The little thornbird is 13 to 14 cm long and weighs about 14 to 16 g. It is the smallest member of its genus. The sexes have the same plumage. Adults have a wide dull buff-whitish supercilium that extends beyond the eye and an indistinct dull brown stripe behind the eye on an otherwise light brownish face. Their forehead is light rufous with pale streaks, their crown and back dull brown, and their rump and uppertail coverts rufescent-tinged brown. Their wings are mostly shades of brown with darker brown primary coverts and some rufescence. Their tail's central pair of feathers are dull brown, the next pair mostly rufous with a brownish outer third, and the rest bright rufous. Their throat and belly are dingy whitish, their breast slightly darker, and their flanks and undertail coverts whitish with a tawny-brown tinge. Their iris is greenish gray to dark brown, their maxilla black to dark gray, their mandible light horn-gray to gray, and their legs and feet gray to pinkish gray. Juveniles have slightly darker upperparts and slightly grayer underparts than adults.

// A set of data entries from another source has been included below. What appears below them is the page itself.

lemma one_minus_norm_square_Harnack:
  assumes z: "z \<in> ball 0 1" and near: "cmod (y - z) \<le> (1 - cmod z) / 2"
  shows "1 - (cmod (b y))\<^sup>2 \<le> 36 * (1 - (cmod (b z))\<^sup>2)"
proof -
  have y: "y \<in> ball 0 1" using one_minus_norm_le_of_near[OF near] z by simp
  define A B Py Pz where "A = 1 - (cmod (b y))\<^sup>2" and "B = 1 - (cmod (b z))\<^sup>2"
    and "Py = 1 - (cmod y)\<^sup>2" and "Pz = 1 - (cmod z)\<^sup>2"
  have "A \<ge> 0" "B > 0" "Pz > 0"
    using norm_lt_1[OF y] norm_lt_1[OF z] z by (simp_all add: A_def B_def Pz_def abs_square_less_1 abs_square_le_1)
  have "Pz / 4 \<le> Py" unfolding Py_def Pz_def using one_minus_norm_square_le_of_near near z by simp
  then have "Py > 0" using \<open>Pz > 0\<close> by simp
  have Kyy: "Re (hb_kernel b y y) = A / Py" and Kzz: "Re (hb_kernel b z z) = B / Pz"
    unfolding A_def B_def Py_def Pz_def by (rule Re_hb_kernel_diag)+
  have "1 - cnj (b z) * b y = hb_kernel b z y * (1 - cnj z * y)"
    unfolding hb_kernel_def using one_minus_cnj_mult_neq_0[of z y] y z by simp
  then have "cmod (1 - cnj (b z) * b y) = cmod (hb_kernel b z y) * cmod (1 - cnj z * y)"
    by (simp only: norm_mult)
  also have "\<dots> \<le> (sqrt (B / Pz) * sqrt (A / Py)) * (3 / 2 * Pz)"
    using norm_kernel_le[OF y z Re_hb_kernel_diag_pos[OF z]] norm_one_minus_cnj_mult_le_of_near[of z y] z near
      \<open>A \<ge> 0\<close> \<open>B > 0\<close> \<open>Py > 0\<close> \<open>Pz > 0\<close>
    unfolding Kyy Kzz Pz_def by (intro mult_mono) auto
  finally have "(cmod (1 - cnj (b z) * b y))\<^sup>2 \<le> ((sqrt (B / Pz) * sqrt (A / Py)) * (3 / 2 * Pz))\<^sup>2"
    by (rule power_mono) simp
  also have "\<dots> = (B / Pz) * (A / Py) * (3 / 2 * Pz)\<^sup>2"
    using \<open>A \<ge> 0\<close> \<open>B > 0\<close> \<open>Pz > 0\<close> \<open>Py > 0\<close>
    unfolding power_mult_distrib by (simp only: real_sqrt_pow2 divide_nonneg_pos less_imp_le)
  also have "\<dots> = 9 / 4 * (A * B) * (Pz / Py)"
    using \<open>Pz > 0\<close> by (simp add: power2_eq_square field_simps)
  also have "\<dots> \<le> 9 / 4 * (A * B) * 4"
    using \<open>Pz / 4 \<le> Py\<close> \<open>Py > 0\<close> \<open>A \<ge> 0\<close> \<open>B > 0\<close> by (intro mult_left_mono) (auto simp: divide_le_eq)
  finally have upper: "(cmod (1 - cnj (b z) * b y))\<^sup>2 \<le> 9 * (A * B)" by simp
  have "(A + B) / 2 \<le> cmod (1 - cnj (b z) * b y)"
    using mean_defect_le_norm_one_minus_cnj_mult[of "b z" "b y"] unfolding A_def B_def by argo
  then have "((A + B) / 2)\<^sup>2 \<le> 9 * (A * B)"
    using upper \<open>A \<ge> 0\<close> \<open>B > 0\<close> by (meson add_nonneg_nonneg divide_nonneg_nonneg less_imp_le order_trans power_mono zero_le_numeral)
  then have "A \<le> 36 * B"
    using le_of_square_sum_le[OF \<open>A \<ge> 0\<close> \<open>B > 0\<close>] by (simp add: power_divide)
  then show ?thesis
    unfolding A_def B_def .
qed
(* Let $(P,\mathcal{L})$ be a linear system with $|\mathcal{L}| > \nu_2(P,\mathcal{L})$. Let $p,q\in P$ be two distinct points such that $\deg(p)=\Delta(P,\mathcal{L})$ and $\deg(q)=\max\{\deg(x): x\in P\setminus\{p\}\}$. If $$|\mathcal{L}| \le \deg(p)+\deg(q)+\nu_2(P,\mathcal{L})-3,$$ then $\tau(P,\mathcal{L}) \le \nu_2(P,\mathcal{L})-1$.
   Context: A linear system is a pair $(P,\mathcal{L})$ where $P$ is a finite set (of points) and $\mathcal{L}$ is a family of subsets of $P$ (lines) such that $|l\cap l'|\le 1$ for every pair of distinct $l,l'\in\mathcal{L}$. A transversal is a set $T\subseteq P$ with $T\cap l\neq\emptyset$ for every $l\in\mathcal{L}$; $\tau(P,\mathcal{L})$ is the minimum cardinality of a transversal. A 2-packing is a set $R\subseteq\mathcal{L}$ such that no three distinct lines of $R$ have a common point; $\nu_2(P,\mathcal{L})$ is the maximum cardinality of a 2-packing. For $x\in P$, $\mathcal{L}_x$ is the set of lines containing $x$, $\deg(x)=|\mathcal{L}_x|$, and $\Delta(P,\mathcal{L})=\max_{x\in P}\deg(x)$. *)

theory Defs
  imports Main
begin

definition linear_system :: "'a set \<Rightarrow> 'a set set \<Rightarrow> bool" where
  "linear_system P L \<longleftrightarrow> finite P \<and> (\<forall>l\<in>L. l \<subseteq> P \<and> l \<noteq> {}) \<and>
     (\<forall>l\<in>L. \<forall>l'\<in>L. l \<noteq> l' \<longrightarrow> card (l \<inter> l') \<le> 1)"

definition is_transversal :: "'a set \<Rightarrow> 'a set set \<Rightarrow> 'a set \<Rightarrow> bool" where
  "is_transversal P L T \<longleftrightarrow> T \<subseteq> P \<and> (\<forall>l\<in>L. T \<inter> l \<noteq> {})"

definition tau :: "'a set \<Rightarrow> 'a set set \<Rightarrow> nat" where
  "tau P L = Min {card T | T. is_transversal P L T}"

definition is_2packing :: "'a set set \<Rightarrow> 'a set set \<Rightarrow> bool" where
  "is_2packing L R \<longleftrightarrow> R \<subseteq> L \<and>
     (\<forall>l1\<in>R. \<forall>l2\<in>R. \<forall>l3\<in>R. l1 \<noteq> l2 \<and> l1 \<noteq> l3 \<and> l2 \<noteq> l3 \<longrightarrow> l1 \<inter> l2 \<inter> l3 = {})"

definition nu2 :: "'a set \<Rightarrow> 'a set set \<Rightarrow> nat" where
  "nu2 P L = Max {card R | R. is_2packing L R}"

definition deg :: "'a set set \<Rightarrow> 'a \<Rightarrow> nat" where
  "deg L x = card {l \<in> L. x \<in> l}"

definition max_deg :: "'a set \<Rightarrow> 'a set set \<Rightarrow> nat" where
  "max_deg P L = Max (deg L ` P)"

end

theory Submission
  imports Defs
begin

==Distribution and habitat==

The little thornbird is found in extreme southern Bolivia's Santa Cruz Department, in western Paraguay, in southwestern Uruguay, and in northern Argentina as far south as Buenos Aires Province. In addition there is at least one record in extreme southwestern Rio Grande do Sul, Brazil. It inhabits tropical deciduous forest, Gran Chaco woodlands, savannah with scattered trees, and scrublands. In elevation it ranges from near sea level to 2000 m.

==Behavior==
===Movement===

The little thornbird is a year-round resident throughout its range.

===Feeding===

The little thornbird feeds on arthropods. It usually forages in pairs or small groups that may include nest helpers, and occasionally joins mixed-species feeding flocks. It captures prey by gleaning from the ground or from vegetation as high as the forest's mid-storey.

===Breeding===

The little thornbird breeds in the austral spring and summer, roughly August to February or beyond. It builds a cone-shaped nest of thorny sticks that can be about 40 cm high and lines an interior chamber with shredded vegetation, hair, feathers, and other soft material. It hangs the nest near the end a bush or tree branch, usually in an isolated tree or small cluster of them. The clutch size is usually three and sometimes four eggs. The incubation period, time to fledging, and details of parental care are not known.

===Vocalization===

The little thornbird's song is "a duetted series of sharp, piercing, loud and straight tee tee tees, where one bird goes faster than the other (three notes for two) so the effect is a tee teeter tee teeter teeter tee tee teeter...". Its call is "a sharp 'chip', often repeated".

==Status==

The IUCN has assessed the little thornbird as being of Least Concern. It has a large range, but its population size is not known and believed to be decreasing. No immediate threats have been identified. It is considered common to uncommon in most of its range and occurs in at least one protected area.